(* Let $n\ge 1$ and let $\omega\subset\mathbb{R}^n$ be a non-empty open set. Then there exists a constant $C=C(\omega)>1$ such that for every $N\in\mathbb{N}$ and every $f\in\mathcal{E}_N$, $$\|f\|_{L^2(\mathbb{R}^n)}\le C\,e^{\frac12 N\ln(N+1)+CN}\,\|f\|_{L^2(\omega)}.$$
   Context: The one-dimensional Hermite functions are $\phi_k(x)=\frac{(-1)^k}{\sqrt{2^k k!\sqrt{\pi}}}e^{x^2/2}\frac{d^k}{dx^k}(e^{-x^2})$, $k\in\mathbb{N}=\{0,1,2,\dots\}$, $x\in\mathbb{R}$. For $\alpha=(\alpha_1,\dots,\alpha_n)\in\mathbb{N}^n$ and $x\in\mathbb{R}^n$, $\Phi_\alpha(x)=\prod_{j=1}^n\phi_{\alpha_j}(x_j)$, and $|\alpha|=\alpha_1+\dots+\alpha_n$. For $N\in\mathbb{N}$, $\mathcal{E}_N=\mathrm{Span}_{\mathbb{C}}\{\Phi_\alpha:\alpha\in\mathbb{N}^n,\ |\alpha|\le N\}$. *)

theory Defs
  imports "HOL-Analysis.Analysis"
begin

definition hermite_fun :: "nat \<Rightarrow> real \<Rightarrow> real" where
  "hermite_fun k x =
     (-1) ^ k / sqrt (2 ^ k * fact k * sqrt pi) * exp (x\<^sup>2 / 2)
       * (deriv ^^ k) (\<lambda>t. exp (- (t\<^sup>2))) x"

definition hermite_multi :: "('n::finite \<Rightarrow> nat) \<Rightarrow> real ^ 'n \<Rightarrow> real" where
  "hermite_multi \<alpha> x = (\<Prod>j\<in>UNIV. hermite_fun (\<alpha> j) (x $ j))"

definition multi_len :: "('n::finite \<Rightarrow> nat) \<Rightarrow> nat" where
  "multi_len \<alpha> = (\<Sum>j\<in>UNIV. \<alpha> j)"

definition hermite_space :: "nat \<Rightarrow> (real ^ 'n::finite \<Rightarrow> complex) set" where
  "hermite_space N =
     {f. \<exists>c :: ('n \<Rightarrow> nat) \<Rightarrow> complex.
           f = (\<lambda>x. \<Sum>\<alpha>\<in>{\<alpha>. multi_len \<alpha> \<le> N}. c \<alpha> * complex_of_real (hermite_multi \<alpha> x))}"

definition L2_norm_on :: "(real ^ 'n::finite) set \<Rightarrow> (real ^ 'n \<Rightarrow> complex) \<Rightarrow> real" where
  "L2_norm_on S f = sqrt (LINT x:S|lborel. (cmod (f x))\<^sup>2)"

end

theory Submission
  imports Defs "HOL-Probability.Distributions"
begin

text \<open>
  Every f in E_N factors as f(x) = P(x) exp(-|x|^2/2), where the restriction of P to any
  line is a polynomial of degree at most N. Lagrange interpolation at N + 1 equally spaced
  nodes on the segment from y towards x bounds |P(x)|^2 by (C (|x - x0| + r) / r)^(2N) times
  the values of |P|^2 at the nodes. Averaging over y in a ball B(x0, r), with the segment
  shortened so that all nodes stay in B(x0, 2r), a subset of omega, bounds |P(x)|^2 by
  C^N (|x| + C)^(2N) times the integral of |P|^2 over B(x0, 2r). The Gaussian absorbs the
  growth in x at the price (|x| + A)^(2N) exp(-|x|^2/2) <= 4^N N! exp(A^2/2), and
  N! <= (N + 1)^N produces the factor exp(N ln(N + 1) / 2) of the L^2 estimate.
\<close>

text \<open>\<open>gaussian_deriv_poly k\<close> is \<open>(-1)^k H_k\<close> for the physicists' Hermite polynomial \<open>H_k\<close>.\<close>

fun gaussian_deriv_poly :: "nat \<Rightarrow> real poly" where
  "gaussian_deriv_poly 0 = 1"
| "gaussian_deriv_poly (Suc k) = pderiv (gaussian_deriv_poly k) - [:0, 2:] * gaussian_deriv_poly k"

lemma degree_gaussian_deriv_poly: "degree (gaussian_deriv_poly k) \<le> k"
proof (induction k)
  case (Suc k)
  have "degree ([:0, 2:] * gaussian_deriv_poly k) \<le> Suc k"
    using degree_mult_le[of "[:0, 2::real:]" "gaussian_deriv_poly k"] Suc by simp
  moreover have "degree (pderiv (gaussian_deriv_poly k)) \<le> Suc k"
    using Suc by (simp add: degree_pderiv)
  ultimately show ?case by (simp add: degree_diff_le)
qed simp

lemma deriv_iterate_gaussian:
  "(deriv ^^ k) (\<lambda>t. exp (- (t\<^sup>2))) = (\<lambda>t. poly (gaussian_deriv_poly k) t * exp (- (t\<^sup>2)))"
proof (induction k)
  case (Suc k)
  let ?q = "gaussian_deriv_poly k"
  have "((\<lambda>t. poly ?q t * exp (- (t\<^sup>2))) has_real_derivative
          poly (gaussian_deriv_poly (Suc k)) t * exp (- (t\<^sup>2))) (at t)" for t
    by (auto intro!: derivative_eq_intros simp: power2_eq_square algebra_simps)
  then have "deriv (\<lambda>t. poly ?q t * exp (- (t\<^sup>2))) =
      (\<lambda>t. poly (gaussian_deriv_poly (Suc k)) t * exp (- (t\<^sup>2)))"
    by (intro ext DERIV_imp_deriv)
  then show ?case
    using Suc by simp
qed simp

definition hermite_poly :: "nat \<Rightarrow> real poly" where
  "hermite_poly k = smult ((-1) ^ k / sqrt (2 ^ k * fact k * sqrt pi)) (gaussian_deriv_poly k)"

lemma degree_hermite_poly: "degree (hermite_poly k) \<le> k"
  using degree_gaussian_deriv_poly[of k] by (simp add: hermite_poly_def)

lemma hermite_fun_eq: "hermite_fun k x = poly (hermite_poly k) x * exp (- (x\<^sup>2) / 2)"
proof -
  have "exp (x\<^sup>2 / 2) * exp (- (x\<^sup>2)) = exp (- (x\<^sup>2) / 2)"
    by (simp flip: exp_add)
  then show ?thesis
    by (simp add: hermite_fun_def hermite_poly_def deriv_iterate_gaussian algebra_simps)
qed

lemma hermite_multi_eq:
  "hermite_multi \<alpha> x = (\<Prod>j\<in>UNIV. poly (hermite_poly (\<alpha> j)) (x $ j)) * exp (- ((norm x)\<^sup>2) / 2)"
proof -
  have "(norm x)\<^sup>2 = (\<Sum>j\<in>UNIV. (x $ j)\<^sup>2)"
    unfolding power2_norm_eq_inner by (simp add: inner_vec_def power2_eq_square)
  then have "(\<Prod>j\<in>UNIV. exp (- ((x $ j)\<^sup>2) / 2)) = exp (- ((norm x)\<^sup>2) / 2)"
    by (simp add: sum_negf sum_divide_distrib flip: exp_sum)
  then show ?thesis
    by (simp add: hermite_multi_def hermite_fun_eq prod.distrib)
qed

definition polynomial_on_lines :: "nat \<Rightarrow> ('a::real_vector \<Rightarrow> complex) \<Rightarrow> bool" where
  "polynomial_on_lines N P \<longleftrightarrow>
     (\<forall>y v. \<exists>p. degree p \<le> N \<and> (\<forall>t. P (y + t *\<^sub>R v) = poly p (complex_of_real t)))"

lemma polynomial_on_lines_add:
  assumes "polynomial_on_lines N P" "polynomial_on_lines N Q"
  shows "polynomial_on_lines N (\<lambda>x. P x + Q x)"
  unfolding polynomial_on_lines_def
proof (intro allI)
  fix y v
  obtain p q where "degree p \<le> N" "\<forall>t. P (y + t *\<^sub>R v) = poly p (complex_of_real t)"
    "degree q \<le> N" "\<forall>t. Q (y + t *\<^sub>R v) = poly q (complex_of_real t)"
    using assms unfolding polynomial_on_lines_def by meson
  then show "\<exists>p. degree p \<le> N \<and> (\<forall>t. P (y + t *\<^sub>R v) + Q (y + t *\<^sub>R v) = poly p (complex_of_real t))"
    by (intro exI[of _ "p + q"]) (simp add: degree_add_le)
qed

lemma polynomial_on_lines_sum:
  assumes "\<And>a. a \<in> A \<Longrightarrow> polynomial_on_lines N (P a)"
  shows "polynomial_on_lines N (\<lambda>x. \<Sum>a\<in>A. P a x)"
  using assms
proof (induction A rule: infinite_finite_induct)
  case (insert a A)
  then show ?case by (simp add: polynomial_on_lines_add)
qed (auto simp: polynomial_on_lines_def intro: exI[of _ 0])

lemma polynomial_on_lines_cmult:
  assumes "polynomial_on_lines N P"
  shows "polynomial_on_lines N (\<lambda>x. c * P x)"
  unfolding polynomial_on_lines_def
proof (intro allI)
  fix y v
  obtain p where "degree p \<le> N" "\<forall>t. P (y + t *\<^sub>R v) = poly p (complex_of_real t)"
    using assms unfolding polynomial_on_lines_def by meson
  then show "\<exists>p. degree p \<le> N \<and> (\<forall>t. c * P (y + t *\<^sub>R v) = poly p (complex_of_real t))"
    by (intro exI[of _ "smult c p"]) (auto intro: order_trans[OF degree_smult_le])
qed

lemma poly_map_poly_of_real: "poly (map_poly of_real p) (of_real x) = (of_real (poly p x) :: complex)"
  by (induction p) (auto simp: map_poly_pCons)

lemma polynomial_on_lines_coordinate_prod:
  fixes q :: "'n::finite \<Rightarrow> real poly"
  assumes "(\<Sum>j\<in>UNIV. degree (q j)) \<le> N"
  shows "polynomial_on_lines N (\<lambda>x::real ^ 'n. complex_of_real (\<Prod>j\<in>UNIV. poly (q j) (x $ j)))"
  unfolding polynomial_on_lines_def
proof (intro allI)
  fix y v :: "real ^ 'n"
  define Q where "Q = (\<Prod>j\<in>UNIV. pcompose (q j) [:y $ j, v $ j:])"
  have "degree Q \<le> (\<Sum>j\<in>UNIV. degree (pcompose (q j) [:y $ j, v $ j:]))"
    unfolding Q_def using degree_prod_sum_le[of UNIV "\<lambda>j. pcompose (q j) [:y $ j, v $ j:]"] by (simp add: o_def)
  also have "\<dots> \<le> (\<Sum>j\<in>UNIV. degree (q j))"
    by (intro sum_mono) (simp add: degree_pcompose)
  finally have "degree (map_poly complex_of_real Q) \<le> N"
    using assms by (simp add: degree_map_poly)
  moreover have "complex_of_real (\<Prod>j\<in>UNIV. poly (q j) ((y + t *\<^sub>R v) $ j))
      = poly (map_poly of_real Q) (complex_of_real t)" for t
    by (simp add: poly_map_poly_of_real Q_def poly_prod poly_pcompose algebra_simps)
  ultimately show "\<exists>p. degree p \<le> N \<and> (\<forall>t. complex_of_real (\<Prod>j\<in>UNIV. poly (q j) ((y + t *\<^sub>R v) $ j))
      = poly p (complex_of_real t))"
    by blast
qed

--------------------------------------------------

Filter the entries and copy out every line with the word "lemma".

» **Answer to this task**
lemma degree_gaussian_deriv_poly: "degree (gaussian_deriv_poly k) \<le> k"
lemma deriv_iterate_gaussian:
lemma degree_hermite_poly: "degree (hermite_poly k) \<le> k"
lemma hermite_fun_eq: "hermite_fun k x = poly (hermite_poly k) x * exp (- (x\<^sup>2) / 2)"
lemma hermite_multi_eq:
lemma polynomial_on_lines_add:
lemma polynomial_on_lines_sum:
lemma polynomial_on_lines_cmult:
lemma poly_map_poly_of_real: "poly (map_poly of_real p) (of_real x) = (of_real (poly p x) :: complex)"
lemma polynomial_on_lines_coordinate_prod:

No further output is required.